Canadian theologian JI Packer has called upon the Archbishop of Canterbury to resign, saying Dr Rowan Williams is not up to the task of keeping the Anglican Communion alive.
In a question-and-answer session following a lecture on June 24 at Holy Trinity Church in Eastbourne, the British-born Dr Packer responded to a question on what he would say to Dr Williams about the Anglican crisis, by stating: “You are not qualified just at the moment to lead the Anglican Communion, for on this issue of whether or not people should yield to homosexual temptation, you are over a barrel.”
Dr Packer, who last month was kicked out of the Anglican Church of Canada by New Westminster Bishop Michael Ingham explained that he would say, “before you became Archbishop, you went in to print cautiously approving gay relationships. It is known, and you don’t deny, that you have ordained at least one person who is a practising homosexual.”
“Now you say that you are seeking to uphold the Anglican consensus of the Lambeth Conference of 1998 which says that homosexual behaviour is absolutely off limits, but when asked whether you have changed your own mind on this matter, you say no. I cannot pretend to believe what I don’t believe and all of this of course is documented.”
Dr Packer concluded that “I would say with great respect Archbishop, I believe that the way of wisdom is for you to resign.”

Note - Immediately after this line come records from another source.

text \<open>xs k i is the iterate x_k^i of the paper (epoch k after the updates of blocks 1..i), so
  xs k 0 = x_k, and sq_gradient_mapping k is Delta(x_k, x_{k-1}).\<close>
locale coordinate_mirror_descent = block_composite_problem +
  fixes \<gamma> :: real and N :: nat and x0 and xs
  assumes step_pos: "0 < \<gamma>" and step_le: "\<gamma> * L \<le> \<alpha>"
    and x0_in: "x0 \<in> X"
    and xs_init: "xs 0 0 = x0"
    and xs_next: "\<forall>k. xs (Suc k) 0 = xs k p"
    and xs_other: "\<forall>k<N. \<forall>i\<in>{1..p}. \<forall>j\<in>{1..p}. j \<noteq> i \<longrightarrow>
        block_proj blk j (xs k i) = block_proj blk j (xs k (i - 1))"
    and xs_in: "\<forall>k<N. \<forall>i\<in>{1..p}. block_proj blk i (xs k i) \<in> Xb i"
    and xs_argmin: "\<forall>k<N. \<forall>i\<in>{1..p}. \<forall>u\<in>Xb i.
        gf (xs k (i - 1)) \<bullet> block_proj blk i (xs k i)
          + 1 / \<gamma> * Vb i (block_proj blk i (xs k i)) (block_proj blk i (xs k (i - 1)))
          + hb i (block_proj blk i (xs k i))
        \<le> gf (xs k (i - 1)) \<bullet> u + 1 / \<gamma> * Vb i u (block_proj blk i (xs k (i - 1))) + hb i u"
begin

definition block_gradient_mapping :: "nat \<Rightarrow> nat \<Rightarrow> real^'a" where
  "block_gradient_mapping k i = (1 / \<gamma>) *\<^sub>R (block_proj blk i (xs k (i - 1)) - block_proj blk i (xs k i))"

definition sq_gradient_mapping :: "nat \<Rightarrow> real" where
  "sq_gradient_mapping k = (\<Sum>i=1..p. (norm (block_gradient_mapping k i))\<^sup>2)"

lemma block_step_decrease:
  assumes k: "k < N" and i: "i \<in> {1..p}" and prev: "xs k (i - 1) \<in> X"
  shows "xs k i \<in> X \<and>
    f (xs k i) + h (xs k i) + \<alpha> * \<gamma> / 2 * (norm (block_gradient_mapping k i))\<^sup>2
      \<le> f (xs k (i - 1)) + h (xs k (i - 1))"
proof
  have agree: "agrees_off_block i (xs k i) (xs k (i - 1))"
    using xs_other k i by (simp add: agrees_off_block_def)
  show mem: "xs k i \<in> X"
    using block_update_mem_X[OF prev i _ agree] xs_in k i by blast
  have "block_proj blk i (xs k i) - block_proj blk i (xs k (i - 1)) = xs k i - xs k (i - 1)"
    using block_proj_diff_if_agrees_off_block[OF agree] by (simp add: block_proj_diff)
  then have "block_gradient_mapping k i = (1 / \<gamma>) *\<^sub>R (xs k (i - 1) - xs k i)"
    unfolding block_gradient_mapping_def by (metis minus_diff_eq)
  then have "(norm (block_gradient_mapping k i))\<^sup>2 = (norm (xs k i - xs k (i - 1)))\<^sup>2 / \<gamma>\<^sup>2"
    using step_pos by (simp add: norm_minus_commute power_divide)
  then have "\<alpha> * \<gamma> / 2 * (norm (block_gradient_mapping k i))\<^sup>2
      = \<alpha> / (2 * \<gamma>) * (norm (xs k i - xs k (i - 1)))\<^sup>2"
    using step_pos by (simp add: power2_eq_square)
  moreover have "f (xs k i) + h (xs k i) + \<alpha> / (2 * \<gamma>) * (norm (xs k i - xs k (i - 1)))\<^sup>2
      \<le> f (xs k (i - 1)) + h (xs k (i - 1))"
    using block_prox_step_decrease[OF i step_pos step_le prev mem agree] xs_argmin k i by blast
  ultimately show "f (xs k i) + h (xs k i) + \<alpha> * \<gamma> / 2 * (norm (block_gradient_mapping k i))\<^sup>2
      \<le> f (xs k (i - 1)) + h (xs k (i - 1))"
    by simp
qed

lemma epoch_decrease:
  assumes k: "k < N" and start: "xs k 0 \<in> X"
  shows "xs (Suc k) 0 \<in> X \<and>
    f (xs (Suc k) 0) + h (xs (Suc k) 0) + \<alpha> * \<gamma> / 2 * sq_gradient_mapping k \<le> f (xs k 0) + h (xs k 0)"
proof -
  let ?c = "\<alpha> * \<gamma> / 2" and ?T = "\<lambda>i. (norm (block_gradient_mapping k i))\<^sup>2"
  have "xs k i \<in> X \<and> f (xs k i) + h (xs k i) + ?c * (\<Sum>j=1..i. ?T j) \<le> f (xs k 0) + h (xs k 0)"
    if "i \<le> p" for i
    using that
  proof (induction i)
    case 0
    then show ?case using start by simp
  next
    case (Suc i)
    then have IH: "xs k i \<in> X" "f (xs k i) + h (xs k i) + ?c * (\<Sum>j=1..i. ?T j) \<le> f (xs k 0) + h (xs k 0)"
      by simp_all
    with block_step_decrease[OF k, of "Suc i"] Suc.prems
    have "xs k (Suc i) \<in> X" "f (xs k (Suc i)) + h (xs k (Suc i)) + ?c * ?T (Suc i) \<le> f (xs k i) + h (xs k i)"
      by simp_all
    with IH show ?case
      by (simp add: distrib_left)
  qed
  from this[of p] show ?thesis
    using xs_next by (simp add: sq_gradient_mapping_def)
qed

lemma total_decrease:
  assumes "n \<le> N"
  shows "xs n 0 \<in> X \<and>
    f (xs n 0) + h (xs n 0) + \<alpha> * \<gamma> / 2 * (\<Sum>k<n. sq_gradient_mapping k) \<le> f x0 + h x0"
  using assms
proof (induction n)
  case 0
  then show ?case using xs_init x0_in by simp
next
  case (Suc n)
  then have "xs n 0 \<in> X"
    "f (xs n 0) + h (xs n 0) + \<alpha> * \<gamma> / 2 * (\<Sum>k<n. sq_gradient_mapping k) \<le> f x0 + h x0"
    by simp_all
  with epoch_decrease[of n] Suc.prems show ?case
    by (simp add: distrib_left)
qed

lemma min_sq_gradient_mapping_le:
  assumes N: "0 < N" and lower: "\<forall>x\<in>X. \<Phi>min \<le> f x + h x"
  shows "Min (sq_gradient_mapping ` {..<N}) \<le> (f x0 + h x0 - \<Phi>min) / (real N * (\<alpha> * \<gamma> / 2))"
proof -
  have c: "0 < \<alpha> * \<gamma> / 2"
    using w_dgf step_pos by (simp add: dist_gen_fun_def)
  have "real N * Min (sq_gradient_mapping ` {..<N}) \<le> (\<Sum>k<N. sq_gradient_mapping k)"
    using sum_bounded_below[of "{..<N}" "Min (sq_gradient_mapping ` {..<N})" sq_gradient_mapping] by simp
  then have "\<alpha> * \<gamma> / 2 * (real N * Min (sq_gradient_mapping ` {..<N}))
      \<le> \<alpha> * \<gamma> / 2 * (\<Sum>k<N. sq_gradient_mapping k)"
    using c by (intro mult_left_mono) auto
  moreover have "\<Phi>min + \<alpha> * \<gamma> / 2 * (\<Sum>k<N. sq_gradient_mapping k) \<le> f x0 + h x0"
    using total_decrease[of N] lower by fastforce
  ultimately have "\<alpha> * \<gamma> / 2 * (real N * Min (sq_gradient_mapping ` {..<N})) \<le> f x0 + h x0 - \<Phi>min"
    by linarith
  moreover have "0 < real N * (\<alpha> * \<gamma> / 2)"
    using N c by simp
  ultimately show ?thesis
    by (simp add: pos_le_divide_eq mult_ac)
qed

end

theorem proposition1:
  fixes blk :: "'n::finite \<Rightarrow> nat" and p :: nat
    and Xb :: "nat \<Rightarrow> (real^'n) set" and X :: "(real^'n) set"
    and f :: "real^'n \<Rightarrow> real" and gf :: "real^'n \<Rightarrow> real^'n"
    and Lb :: "nat \<Rightarrow> real" and L :: real
    and h :: "real^'n \<Rightarrow> real" and hb :: "nat \<Rightarrow> real^'n \<Rightarrow> real"
    and \<alpha> :: real and \<Phi> :: "real^'n \<Rightarrow> real" and \<Phi>star :: real
    and w :: "real^'n \<Rightarrow> real" and gw :: "real^'n \<Rightarrow> real^'n"
    and Vb :: "nat \<Rightarrow> real^'n \<Rightarrow> real^'n \<Rightarrow> real"
    and x0 :: "real^'n" and N :: nat and \<gamma> :: real
    and xs :: "nat \<Rightarrow> nat \<Rightarrow> real^'n"
    and Delta :: "nat \<Rightarrow> real" and D :: real
  assumes blk_range: "\<forall>j. blk j \<in> {1..p}"
    and blk_nonempty: "\<forall>i\<in>{1..p}. \<exists>j. blk j = i"
    and Xb_block: "\<forall>i\<in>{1..p}. Xb i \<subseteq> {v. block_proj blk i v = v}"
    and Xb_closed: "\<forall>i\<in>{1..p}. closed (Xb i)"
    and Xb_convex: "\<forall>i\<in>{1..p}. convex (Xb i)"
    and X_def: "X = {x. \<forall>i\<in>{1..p}. block_proj blk i x \<in> Xb i}"
    and f_deriv: "\<forall>x\<in>X. (f has_derivative (\<lambda>v. gf x \<bullet> v)) (at x within X)"
    and gf_cont: "continuous_on X gf"
    and Lb_lip: "\<forall>i\<in>{1..p}. \<forall>x\<in>X. \<forall>hh. x + block_proj blk i hh \<in> X \<longrightarrow>
        norm (block_proj blk i (gf (x + block_proj blk i hh)) - block_proj blk i (gf x))
          \<le> Lb i * norm (block_proj blk i hh)"
    and L_def: "L = Max (Lb ` {1..p})"
    and L_pos: "L > 0"
    and alpha_pos: "\<alpha> > 0"
    and h_cont: "continuous_on X h"
    and h_sc: "strongly_convex_on \<alpha> X h"
    and h_sep: "\<forall>x\<in>X. h x = (\<Sum>i=1..p. hb i (block_proj blk i x))"
    and Phi_def: "\<Phi> = (\<lambda>x. f x + h x)"
    and Phistar_min: "\<exists>xm\<in>X. \<Phi> xm = \<Phi>star \<and> (\<forall>x\<in>X. \<Phi>star \<le> \<Phi> x)"
    and w_dgf: "dist_gen_fun \<alpha> X w gw"
    and V_sep: "\<forall>x\<in>X. \<forall>z\<in>X. bregman w gw x z
        = (\<Sum>i=1..p. Vb i (block_proj blk i x) (block_proj blk i z))"
    and x0_in: "x0 \<in> X"
    and N_pos: "N > 0"
    and gamma_def: "\<gamma> = \<alpha> / L"
    and xs_init: "xs 0 0 = x0"
    and xs_next: "\<forall>k. xs (Suc k) 0 = xs k p"
    and xs_other: "\<forall>k<N. \<forall>i\<in>{1..p}. \<forall>j\<in>{1..p}. j \<noteq> i \<longrightarrow>
        block_proj blk j (xs k i) = block_proj blk j (xs k (i - 1))"
    and xs_in: "\<forall>k<N. \<forall>i\<in>{1..p}. block_proj blk i (xs k i) \<in> Xb i"
    and xs_argmin: "\<forall>k<N. \<forall>i\<in>{1..p}. \<forall>u\<in>Xb i.
        gf (xs k (i - 1)) \<bullet> block_proj blk i (xs k i)
          + 1 / \<gamma> * Vb i (block_proj blk i (xs k i)) (block_proj blk i (xs k (i - 1)))
          + hb i (block_proj blk i (xs k i))
        \<le> gf (xs k (i - 1)) \<bullet> u + 1 / \<gamma> * Vb i u (block_proj blk i (xs k (i - 1))) + hb i u"
    and Delta_def: "\<forall>k. Delta k = (\<Sum>i=1..p.
        (norm ((1 / \<gamma>) *\<^sub>R (block_proj blk i (xs k (i - 1)) - block_proj blk i (xs k i))))\<^sup>2)"
    and D_def: "D = sqrt ((\<Phi> x0 - \<Phi>star) / L)"
  shows "Min (Delta ` {..<N}) \<le> D\<^sup>2 * L / (real N * (\<alpha>\<^sup>2 / (2 * L)))
         \<and> D\<^sup>2 * L / (real N * (\<alpha>\<^sup>2 / (2 * L))) = 2 * D\<^sup>2 * L\<^sup>2 / (real N * \<alpha>\<^sup>2)"
proof -
  have Lb_le: "Lb i \<le> L" if "i \<in> {1..p}" for i
    using L_def that by simp
  have block_lipschitz: "\<forall>i\<in>{1..p}. \<forall>x\<in>X. \<forall>u. x + block_proj blk i u \<in> X \<longrightarrow>
      norm (block_proj blk i (gf (x + block_proj blk i u)) - block_proj blk i (gf x))
        \<le> L * norm (block_proj blk i u)"
    using Lb_lip Lb_le by (meson mult_right_mono norm_ge_zero order_trans)
  have step: "0 < \<gamma>" "\<gamma> * L \<le> \<alpha>"
    using gamma_def L_pos alpha_pos by simp_all
  interpret cmd: coordinate_mirror_descent blk p Xb X f gf L h hb \<alpha> w gw Vb \<gamma> N x0 xs
    using blk_range Xb_convex X_def f_deriv block_lipschitz h_sc h_sep w_dgf V_sep step x0_in
      xs_init xs_next xs_other xs_in xs_argmin
    by unfold_locales
  have Phistar_le: "\<forall>x\<in>X. \<Phi>star \<le> \<Phi> x"
    using Phistar_min by blast
  have "Delta = cmd.sq_gradient_mapping"
    using Delta_def by (simp add: fun_eq_iff cmd.sq_gradient_mapping_def cmd.block_gradient_mapping_def)
  then have bound: "Min (Delta ` {..<N}) \<le> (\<Phi> x0 - \<Phi>star) / (real N * (\<alpha> * \<gamma> / 2))"
    using cmd.min_sq_gradient_mapping_le[OF N_pos] Phistar_le Phi_def by simp
  have gap: "\<Phi> x0 - \<Phi>star = D\<^sup>2 * L"
    using D_def L_pos Phistar_le x0_in by simp
  have rate: "\<alpha> * \<gamma> / 2 = \<alpha>\<^sup>2 / (2 * L)"
    using gamma_def by (simp add: power2_eq_square)
  have "Min (Delta ` {..<N}) \<le> D\<^sup>2 * L / (real N * (\<alpha>\<^sup>2 / (2 * L)))"
    using bound unfolding gap rate .
  moreover have "D\<^sup>2 * L / (real N * (\<alpha>\<^sup>2 / (2 * L))) = 2 * D\<^sup>2 * L\<^sup>2 / (real N * \<alpha>\<^sup>2)"
    using N_pos L_pos alpha_pos by (simp add: field_simps power2_eq_square)
  ultimately show ?thesis ..
qed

Asked if he endorsed Dr Packer’s views, Bishop Gregory Venables of Argentina said he did not. Dr Packer, who now holds Bishop Venables’ licence as a priest of the Province of the Southern Cone was “no spring chicken.”
“He is a year older than the Pope and a year younger than the Queen,” and is entitled to his views, Bishop Venables explained, but they did not constitute the formal views of the Province of the Southern Cone.